Charles Curley charlescurley at charlescurley.com
Wed Jun 4 22:11:07 MDT 2008


On Wed, Jun 04, 2008 at 07:57:36PM -0600, Michael Torrie wrote:
> Charles Curley wrote:
> > On Wed, Jun 04, 2008 at 04:27:34PM -0600, Stuart Jansen wrote:
> >> On Wed, 2008-06-04 at 16:19 -0600, Charles Curley wrote:
> >>> And if McCain gets elected, expect it to go up faster than if Obama
> >>> gets elected.
> >> Huh?
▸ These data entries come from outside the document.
text \<open>Vector-valued bilinear maps are well defined on tensors, although
  teq only refers to scalar-valued ones: compose with a functional
  separating the two values.\<close>
lemma teval_teq:
  fixes sa :: "'k::field \<Rightarrow> 'a::ab_group_add \<Rightarrow> 'a"
    and sr :: "'k \<Rightarrow> 'r::ab_group_add \<Rightarrow> 'r"
  assumes vs: "Vector_Spaces.vector_space sr" and G: "bilin sa sa sr G"
    and tu: "teq sa t u"
  shows "teval G t = teval G u"
proof (rule ccontr)
  assume "teval G t \<noteq> teval G u"
  then obtain \<phi> :: "'r \<Rightarrow> 'k" where lin: "Vector_Spaces.linear sr (*) \<phi>"
    and nz: "\<phi> (teval G t - teval G u) \<noteq> 0"
    using linear_functional_nonzero[OF vs, of "teval G t - teval G u"] by auto
  have add: "\<phi> (x + y) = \<phi> x + \<phi> y" and scale: "\<phi> (sr c x) = c * \<phi> x" for x y c
    using lin unfolding Vector_Spaces.linear_iff by auto
  have "bilin sa sa (*) (\<lambda>x y. \<phi> (G x y))"
    using G unfolding bilin_def by (auto simp: add scale)
  hence "teval (\<lambda>x y. \<phi> (G x y)) t = teval (\<lambda>x y. \<phi> (G x y)) u"
    using tu unfolding teq_def by blast
  hence "\<phi> (teval G t) = \<phi> (teval G u)" by (simp add: teval_additive[OF add])
  moreover have "\<phi> (teval G t - teval G u) = \<phi> (teval G t) - \<phi> (teval G u)"
    using add[of "teval G t - teval G u" "teval G u"] by simp
  ultimately show False using nz by simp
qed

lemma teval_text_map:
  "teval G (text_map T u) = sum_list (map (\<lambda>(r, p). teval G (T r p)) u)"
  by (induction u) (auto simp: teval_def text_map_def)

lemma teval_in_span_if_tbij:
  assumes vs: "Vector_Spaces.vector_space sr" and G: "bilin sa sa sr G"
    and T: "tbij sa (text_map T)"
    and img: "\<And>r p. teval G (T r p) \<in> module.span sr E"
  shows "teval G t \<in> module.span sr E"
proof -
  interpret vector_space sr by (rule vs)
  obtain u where u: "teq sa (text_map T u) t"
    using T unfolding tbij_def by blast
  have "sum_list (map (\<lambda>(r, p). teval G (T r p)) u) \<in> span E"
    by (induction u) (auto intro: span_zero span_add img)
  then show ?thesis
    using teval_teq[OF vs G u] by (simp add: teval_text_map)
qed

lemma linear_inv_bij:
  assumes lin: "Vector_Spaces.linear s s S" and "bij S"
  shows "Vector_Spaces.linear s s (inv S)"
proof -
  have S_inv: "S (inv S z) = z" and inv_S: "inv S (S z) = z" for z
    using \<open>bij S\<close> by (simp_all add: bij_def surj_f_inv_f)
  have add: "S (x + y) = S x + S y" and scale: "S (s c x) = s c (S x)" for x y c
    using lin unfolding Vector_Spaces.linear_iff by auto
  have "inv S (x + y) = inv S x + inv S y" for x y
    using inv_S[of "inv S x + inv S y"] by (simp add: add S_inv)
  moreover have "inv S (s c x) = s c (inv S x)" for c x
    using inv_S[of "s c (inv S x)"] by (simp add: scale S_inv)
  ultimately show ?thesis
    using lin unfolding Vector_Spaces.linear_iff by blast
qed

lemma partial_mod_alg_local_unit:
  assumes "partial_mod_alg sa mA DL DR S sr mR act eL eR"
  shows "\<exists>b. act a x = act a (act b x)"
proof -
  have "\<forall>F G. finite F \<longrightarrow> finite G \<longrightarrow>
      (\<exists>b. \<forall>a\<in>F. mA a b = a \<and> mA b a = a \<and> (\<forall>x\<in>G. act a x = act a (act b x)))"
    using assms unfolding partial_mod_alg_def by blast
  from this[rule_format, of "{a}" "{x}"] show ?thesis by auto
qed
How do you figure?
> > 
> > The current US war has taken out the former second largest producer of
> > petroleum in the world.
> 
> Come again?  Iraq's oil production was incredibly low during the time
> between the first gulf war and the present conflict, due to the embargos
> and such.  True Saddam still enriched himself with the oil (particularly
> under the so-called oil-for-food program).  To say that Iraq was the
> second-largest producer of petroleum in the world *before* we invaded
> Iraq is really silly.  Iraq is now at #12 [1], which is much better than
> 8 years ago.  No way was Iraq ever #2 though.  Kuwait is probably around
> #7, which was always higher than Iraq.  Remember that the first gulf war
> was essentially to secure the oil in Kuwait that Saddam's invasion
> threatened to cut us off from.

You're right, I misspoke. Iraq has one of the larger reserves of
petroleum, which I mis-remembered. Still, when one of the largest
reserves gets into a war, traders get nervous and the price goes
up. This chart puts Iraq behind Saudi Arabia and Canada:
http://en.wikipedia.org/wiki/Oil_reserves. The Canadian figures
include the Athabasca tar sands, which are much more expensive to
produce than petoleum as in Saudi Arabia, Iraq and Iran. Exclude those
and Canada drops down the table, making Iraq's reserves #2 according
to the chart and #3 according to the article.

> 
> People say the current war in Iraq is all about oil.  That's obviously
> BS.  For one, wars in the region always increase the price of oil (not
> decrease) and two, Iraq's oil production isn't affecting the supply that
> much comparatively.  It might buy us a bit of oil security in the long
> run, but not much.  My only conclusion is that the war in Iraq must have
> been launched for other, likely misguided, reasons.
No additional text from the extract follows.